Derek Nesbitt (born April 16, 1982) is a Canadian former professional ice hockey player who played in the American Hockey League (AHL) and ECHL.

Playing career
Undrafted, Nesbitt previously played with Wilkes-Barre/Scranton Penguins in the 2012-13 season. He was traded to Wilkes-Barre from the Peoria Rivermen on April 10, 2013.

On July 12, 2013, Nesbitt agreed to a one-year AHL contract with the Oklahoma City Barons as a free agent.

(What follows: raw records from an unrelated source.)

(* Let $M=\mathbb{S}^1\times[-\rho,\rho]$ carry a metric of the form $ds^2=d\sigma^2+f(\theta,\sigma)^2d\theta^2$, with $\theta\in\mathbb{S}^1=[0,2\pi)$, $\sigma\in[-\rho,\rho]$ and $f>0$ smooth. Suppose there are constants $\alpha>0$ and $C\ge 0$ such that $R\ge-\alpha$ on $M$ and $|k_g|\le C$ on $\partial M$. For $s\in[-\rho,\rho]$ let $L_s=\int_0^{2\pi}f(\theta,s)\,d\theta$ be the length of the parallel $\mathbb{S}^1\times\{s\}$. Then for all $s,q\in[-\rho,\rho]$, $$L_s e^{-2\rho(\alpha\rho+C)}\le L_q\le L_s e^{2\rho(\alpha\rho+C)}.$$
   Context: $R$ is the scalar curvature (twice the Gauss curvature) of the metric and $k_g$ the geodesic curvature of the boundary curves $\mathbb{S}^1\times\{\pm\rho\}$. *)

theory Defs
  imports "HOL-Analysis.Analysis"
begin

fun Ck_on :: "nat \<Rightarrow> (real \<times> real) set \<Rightarrow> (real \<times> real \<Rightarrow> real) \<Rightarrow> bool" where
  "Ck_on 0 U g = continuous_on U g"
| "Ck_on (Suc n) U g =
     (\<exists>g1 g2. (\<forall>x\<in>U. (g has_derivative (\<lambda>(h1, h2). g1 x * h1 + g2 x * h2)) (at x))
              \<and> Ck_on n U g1 \<and> Ck_on n U g2)"

definition smooth_on2 :: "(real \<times> real) set \<Rightarrow> (real \<times> real \<Rightarrow> real) \<Rightarrow> bool" where
  "smooth_on2 U g \<longleftrightarrow> open U \<and> (\<forall>n. Ck_on n U g)"

definition smooth_strip :: "real \<Rightarrow> (real \<Rightarrow> real \<Rightarrow> real) \<Rightarrow> bool" where
  "smooth_strip \<rho> f \<longleftrightarrow>
     (\<exists>U. UNIV \<times> {-\<rho>..\<rho>} \<subseteq> U \<and> smooth_on2 U (\<lambda>(\<theta>, \<sigma>). f \<theta> \<sigma>))"

text \<open>Scalar curvature R = 2K of ds^2 = d sigma^2 + f^2 d theta^2, where K = - f_{sigma sigma} / f.\<close>
definition scalar_curv :: "(real \<Rightarrow> real \<Rightarrow> real) \<Rightarrow> real \<Rightarrow> real \<Rightarrow> real" where
  "scalar_curv f \<theta> \<sigma> = - 2 * deriv (\<lambda>t. deriv (\<lambda>u. f \<theta> u) t) \<sigma> / f \<theta> \<sigma>"

text \<open>Geodesic curvature of the parallel S^1 x {sigma} (up to the orientation sign,
  which is irrelevant for |k_g|): k_g = f_sigma / f.\<close>
definition geod_curv :: "(real \<Rightarrow> real \<Rightarrow> real) \<Rightarrow> real \<Rightarrow> real \<Rightarrow> real" where
  "geod_curv f \<theta> \<sigma> = deriv (\<lambda>u. f \<theta> u) \<sigma> / f \<theta> \<sigma>"

definition parallel_length :: "(real \<Rightarrow> real \<Rightarrow> real) \<Rightarrow> real \<Rightarrow> real" where
  "parallel_length f s = integral {0..2*pi} (\<lambda>\<theta>. f \<theta> s)"

end

theory Submission imports Defs begin

text \<open>Along each meridian \<open>\<theta> = const\<close> the function \<open>F = f \<theta>\<close> satisfies
  \<open>F''/F = -R/2 \<le> \<alpha>/2\<close>, hence \<open>(ln F)'' = F''/F - (F'/F)\<^sup>2 \<le> \<alpha>/2\<close>. Since
  \<open>|(ln F)'| = |k\<^sub>g| \<le> C\<close> at both ends of \<open>[-\<rho>, \<rho>]\<close>, integrating \<open>(ln F)''\<close> from \<open>-\<rho>\<close>
  (upper bound) and from \<open>\<rho>\<close> (lower bound) gives \<open>|(ln F)'| \<le> \<alpha>\<rho> + C\<close> everywhere, so
  \<open>|ln F q - ln F s| \<le> 2\<rho>(\<alpha>\<rho> + C)\<close>. This pointwise comparison of \<open>f \<theta> q\<close> with \<open>f \<theta> s\<close>
  integrates over \<open>\<theta>\<close> to the comparison of lengths.\<close>

lemma DERIV_le_imp_increment_le:
  fixes h h' :: "real \<Rightarrow> real"
  assumes "a \<le> b"
    and "\<And>x. x \<in> {a..b} \<Longrightarrow> (h has_real_derivative h' x) (at x)"
    and "\<And>x. x \<in> {a..b} \<Longrightarrow> h' x \<le> K"
  shows "h b - h a \<le> K * (b - a)"
proof -
  have "K * a - h a \<le> K * b - h b"
  proof (rule DERIV_nonneg_imp_nondecreasing[OF \<open>a \<le> b\<close>])
    fix x assume "a \<le> x" "x \<le> b"
    then have "x \<in> {a..b}" by simp
    with assms(2,3) show "\<exists>y. ((\<lambda>x. K * x - h x) has_real_derivative y) (at x) \<and> y \<ge> 0"
      by (intro exI[of _ "K - h' x"]) (auto intro!: derivative_eq_intros)
  qed
  then show ?thesis by (simp add: algebra_simps)
qed

lemma bounded_by_ends_of_DERIV_le:
  fixes g g' :: "real \<Rightarrow> real"
  assumes "u \<in> {a..b}" "K \<ge> 0"
    and "\<And>x. x \<in> {a..b} \<Longrightarrow> (g has_real_derivative g' x) (at x)"
    and "\<And>x. x \<in> {a..b} \<Longrightarrow> g' x \<le> K"
    and "\<bar>g a\<bar> \<le> C" "\<bar>g b\<bar> \<le> C"
  shows "\<bar>g u\<bar> \<le> C + K * (b - a)"
proof -
  have "g u - g a \<le> K * (u - a)" "g b - g u \<le> K * (b - u)"
    using assms(1) by (auto intro!: DERIV_le_imp_increment_le assms(3,4))
  moreover have "K * (u - a) \<le> K * (b - a)" "K * (b - u) \<le> K * (b - a)"
    using assms(1,2) by (auto intro!: mult_left_mono)
  ultimately show ?thesis
    using assms(5,6) by linarith
qed

lemma le_mult_exp_of_second_derivative_bound:
  fixes F F' F'' :: "real \<Rightarrow> real"
  assumes "K \<ge> 0"
    and F': "\<And>u. u \<in> {a..b} \<Longrightarrow> (F has_real_derivative F' u) (at u)"
    and F'': "\<And>u. u \<in> {a..b} \<Longrightarrow> (F' has_real_derivative F'' u) (at u)"
    and pos: "\<And>u. u \<in> {a..b} \<Longrightarrow> F u > 0"
    and F''_le: "\<And>u. u \<in> {a..b} \<Longrightarrow> F'' u / F u \<le> K"
    and ends: "\<bar>F' a / F a\<bar> \<le> C" "\<bar>F' b / F b\<bar> \<le> C"
    and s: "s \<in> {a..b}" and q: "q \<in> {a..b}"
  shows "F q \<le> F s * exp ((b - a) * (K * (b - a) + C))"
proof -
  define M where "M = C + K * (b - a)"
  have ln_F: "((\<lambda>v. ln (F v)) has_real_derivative F' u / F u) (at u)" if "u \<in> {a..b}" for u
    using F'[OF that] pos[OF that] by (auto intro!: derivative_eq_intros simp: field_simps)
  define L' where "L' u = F'' u / F u - (F' u / F u)\<^sup>2" for u
  have log_deriv: "((\<lambda>v. F' v / F v) has_real_derivative L' u) (at u)" if "u \<in> {a..b}" for u
    using F'[OF that] F''[OF that] pos[OF that] unfolding L'_def
    by (auto intro!: derivative_eq_intros simp: field_simps power2_eq_square)
  have "L' u \<le> K" if "u \<in> {a..b}" for u
    using F''_le[OF that] unfolding L'_def by (smt (verit) zero_le_power2)
  then have log_deriv_bounded: "\<bar>F' u / F u\<bar> \<le> M" if "u \<in> {a..b}" for u
    unfolding M_def using \<open>K \<ge> 0\<close> log_deriv ends that
    by (intro bounded_by_ends_of_DERIV_le[where g = "\<lambda>v. F' v / F v" and g' = L']) auto
  have ln_F_bounded: "F' u / F u \<le> M" "- (F' u / F u) \<le> M" if "u \<in> {a..b}" for u
    using log_deriv_bounded[OF that] by (simp_all only: abs_le_iff)
  have "M \<ge> 0"
    using log_deriv_bounded[OF s] by linarith
  have "ln (F q) - ln (F s) \<le> M * \<bar>q - s\<bar>"
  proof (cases "s \<le> q")
    case True
    have "ln (F q) - ln (F s) \<le> M * (q - s)"
      using True s q
      by (intro DERIV_le_imp_increment_le[where h' = "\<lambda>u. F' u / F u"] ln_F ln_F_bounded) auto
    then show ?thesis using True by simp
  next
    case False
    have "- ln (F s) - - ln (F q) \<le> M * (s - q)"
      using False s q
      by (intro DERIV_le_imp_increment_le[where h' = "\<lambda>u. - (F' u / F u)"] ln_F_bounded)
        (auto intro!: DERIV_minus ln_F)
    then show ?thesis using False by simp
  qed
  also have "\<dots> \<le> M * (b - a)"
    using s q \<open>M \<ge> 0\<close> by (intro mult_left_mono) auto
  finally have "F q \<le> exp (ln (F s) + M * (b - a))"
    using pos[OF q] by (metis add.commute diff_le_eq exp_le_cancel_iff exp_ln)
  also have "\<dots> = F s * exp ((b - a) * (K * (b - a) + C))"
    using pos[OF s] by (simp add: exp_add M_def mult.commute add.commute)
  finally show ?thesis .
qed

lemma has_real_derivative_partial_snd:
  assumes "(G has_derivative (\<lambda>(h1, h2). a * h1 + b * h2)) (at (t, u))"
  shows "((\<lambda>v. G (t, v)) has_real_derivative b) (at u)"
proof -
  have "((\<lambda>v. (t, v)) has_derivative (\<lambda>h. (0, h))) (at u)"
    by (auto intro!: derivative_eq_intros)
  from has_derivative_compose[OF this assms]
  show ?thesis
    unfolding has_field_derivative_def by (rule has_derivative_eq_rhs) (auto simp: fun_eq_iff)
qed

lemma smooth_strip_section_deriv:
  assumes "smooth_strip \<rho> f" and \<sigma>: "\<sigma> \<in> {-\<rho>..\<rho>}"
  shows "(f \<theta> has_real_derivative deriv (f \<theta>) \<sigma>) (at \<sigma>)"
    and "(deriv (f \<theta>) has_real_derivative deriv (deriv (f \<theta>)) \<sigma>) (at \<sigma>)"
proof -
  obtain U where strip: "UNIV \<times> {-\<rho>..\<rho>} \<subseteq> U" and "open U"
    and smooth: "\<And>n. Ck_on n U (\<lambda>(\<theta>, \<sigma>). f \<theta> \<sigma>)"
    using assms(1) unfolding smooth_strip_def smooth_on2_def by blast
  from smooth[of 2] obtain g1 g2 g21 g22 where
    dF: "\<forall>x\<in>U. ((\<lambda>(\<theta>, \<sigma>). f \<theta> \<sigma>) has_derivative (\<lambda>(h1, h2). g1 x * h1 + g2 x * h2)) (at x)"
    and dg2: "\<forall>x\<in>U. (g2 has_derivative (\<lambda>(h1, h2). g21 x * h1 + g22 x * h2)) (at x)"
    by (auto simp: numeral_2_eq_2)
  define V where "V = (\<lambda>v. (\<theta>, v)) -` U"
  have "open V"
    unfolding V_def by (rule open_vimage[OF \<open>open U\<close>]) (auto intro!: continuous_intros)
  have "\<sigma> \<in> V"
    using strip \<sigma> unfolding V_def by auto
  have D1: "(f \<theta> has_real_derivative g2 (\<theta>, u)) (at u)" if "u \<in> V" for u
    using has_real_derivative_partial_snd[of "\<lambda>(\<theta>, \<sigma>). f \<theta> \<sigma>" "g1 (\<theta>, u)" "g2 (\<theta>, u)" \<theta> u] dF that
    unfolding V_def by auto
  have D2: "((\<lambda>v. g2 (\<theta>, v)) has_real_derivative g22 (\<theta>, \<sigma>)) (at \<sigma>)"
    using has_real_derivative_partial_snd[of g2 "g21 (\<theta>, \<sigma>)" "g22 (\<theta>, \<sigma>)" \<theta> \<sigma>] dg2 \<open>\<sigma> \<in> V\<close>
    unfolding V_def by auto
  have deriv_eq: "deriv (f \<theta>) u = g2 (\<theta>, u)" if "u \<in> V" for u
    using D1[OF that] by (rule DERIV_imp_deriv)
  show "(f \<theta> has_real_derivative deriv (f \<theta>) \<sigma>) (at \<sigma>)"
    using D1[OF \<open>\<sigma> \<in> V\<close>] by (simp add: deriv_eq \<open>\<sigma> \<in> V\<close>)
  have "(deriv (f \<theta>) has_real_derivative g22 (\<theta>, \<sigma>)) (at \<sigma>)"
    by (rule has_field_derivative_transform_within_open[OF D2 \<open>open V\<close> \<open>\<sigma> \<in> V\<close>])
      (simp add: deriv_eq)
  then show "(deriv (f \<theta>) has_real_derivative deriv (deriv (f \<theta>)) \<sigma>) (at \<sigma>)"
    by (simp add: DERIV_imp_deriv)
qed

lemma smooth_strip_continuous_on_parallel:
  assumes "smooth_strip \<rho> f" "\<sigma> \<in> {-\<rho>..\<rho>}"
  shows "continuous_on A (\<lambda>\<theta>. f \<theta> \<sigma>)"
proof -
  obtain U where strip: "UNIV \<times> {-\<rho>..\<rho>} \<subseteq> U"
    and smooth: "\<And>n. Ck_on n U (\<lambda>(\<theta>, \<sigma>). f \<theta> \<sigma>)"
    using assms(1) unfolding smooth_strip_def smooth_on2_def by blast
  have "continuous_on U (\<lambda>(\<theta>, \<sigma>). f \<theta> \<sigma>)"
    using smooth[of 0] by simp
  moreover have "continuous_on A (\<lambda>\<theta>. (\<theta>, \<sigma>))"
    by (intro continuous_intros)
  moreover have "(\<lambda>\<theta>. (\<theta>, \<sigma>)) ` A \<subseteq> U"
    using strip assms(2) by auto
  ultimately show ?thesis
    using continuous_on_compose2 by fastforce
qed

theorem lemma2p2:
  fixes f :: "real \<Rightarrow> real \<Rightarrow> real" and \<rho> \<alpha> C :: real
  assumes rho_pos: "\<rho> > 0"
    and smooth: "smooth_strip \<rho> f"
    and periodic: "\<And>\<theta> \<sigma>. \<sigma> \<in> {-\<rho>..\<rho>} \<Longrightarrow> f (\<theta> + 2*pi) \<sigma> = f \<theta> \<sigma>"
    and pos: "\<And>\<theta> \<sigma>. \<sigma> \<in> {-\<rho>..\<rho>} \<Longrightarrow> f \<theta> \<sigma> > 0"
    and alpha_pos: "\<alpha> > 0" and C_nonneg: "C \<ge> 0"
    and curv: "\<And>\<theta> \<sigma>. \<sigma> \<in> {-\<rho>..\<rho>} \<Longrightarrow> scalar_curv f \<theta> \<sigma> \<ge> - \<alpha>"
    and bdry: "\<And>\<theta>. \<bar>geod_curv f \<theta> \<rho>\<bar> \<le> C" "\<And>\<theta>. \<bar>geod_curv f \<theta> (-\<rho>)\<bar> \<le> C"
  shows "\<forall>s\<in>{-\<rho>..\<rho>}. \<forall>q\<in>{-\<rho>..\<rho>}.
           parallel_length f s * exp (- 2 * \<rho> * (\<alpha> * \<rho> + C)) \<le> parallel_length f q
         \<and> parallel_length f q \<le> parallel_length f s * exp (2 * \<rho> * (\<alpha> * \<rho> + C))"
proof -
  define E where "E = exp (2 * \<rho> * (\<alpha> * \<rho> + C))"
  have pointwise: "f \<theta> q \<le> f \<theta> s * E" if "s \<in> {-\<rho>..\<rho>}" "q \<in> {-\<rho>..\<rho>}" for \<theta> s q
  proof -
    have "f \<theta> q \<le> f \<theta> s * exp ((\<rho> - - \<rho>) * (\<alpha> / 2 * (\<rho> - - \<rho>) + C))"
    proof (rule le_mult_exp_of_second_derivative_bound[where F = "f \<theta>" and F' = "deriv (f \<theta>)"
          and F'' = "deriv (deriv (f \<theta>))"])
      show "deriv (deriv (f \<theta>)) u / f \<theta> u \<le> \<alpha> / 2" if "u \<in> {-\<rho>..\<rho>}" for u
        using curv[OF that, of \<theta>] pos[OF that, of \<theta>] by (simp add: scalar_curv_def field_simps)
    qed (use that alpha_pos bdry pos smooth_strip_section_deriv[OF smooth] in
      \<open>auto simp: geod_curv_def\<close>)
    then show ?thesis by (simp add: E_def algebra_simps)
  qed
  have length_le: "parallel_length f q \<le> parallel_length f s * E"
    if "s \<in> {-\<rho>..\<rho>}" "q \<in> {-\<rho>..\<rho>}" for s q
    unfolding parallel_length_def using that pointwise
    by (subst integral_mult_left[symmetric], intro integral_le)
      (auto intro!: integrable_continuous_interval continuous_intros
        smooth_strip_continuous_on_parallel[OF smooth])
  show ?thesis
  proof (intro ballI conjI)
    fix s q assume "s \<in> {-\<rho>..\<rho>}" "q \<in> {-\<rho>..\<rho>}"
    show "parallel_length f q \<le> parallel_length f s * exp (2 * \<rho> * (\<alpha> * \<rho> + C))"
      using length_le[OF \<open>s \<in> _\<close> \<open>q \<in> _\<close>] by (simp add: E_def)
    have "parallel_length f s * inverse E \<le> parallel_length f q"
      using length_le[OF \<open>q \<in> _\<close> \<open>s \<in> _\<close>] by (simp add: E_def field_simps)
    then show "parallel_length f s * exp (- 2 * \<rho> * (\<alpha> * \<rho> + C)) \<le> parallel_length f q"
      by (simp add: E_def flip: exp_minus)
  qed
qed

end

Nesbitt started the 2013-14 season with the Barons, scoring 10 goals and 19 points in 38 games before he was traded to the San Antonio Rampage on January 17, 2014. He second stint with the Rampage lasted just 5 games before he was again traded for future considerations to the Chicago Wolves on February 8, 2014.

A free agent, Nesbitt opted to pursue a European career, signing a one-year contract with Italian EBEL champions, HC Bolzano on August 20, 2014. After a season in Austria, Nesbitt returned to North America on a one-year contract for a fourth stint with the Gwinnett Gladiators, later renamed the Atlanta Gladiators on August 1, 2015.

After six seasons with the Gladiators, having become a cornerstone player and captain for Atlanta, Nesbitt announced his retirement from a 16-year professional career on July 11, 2022.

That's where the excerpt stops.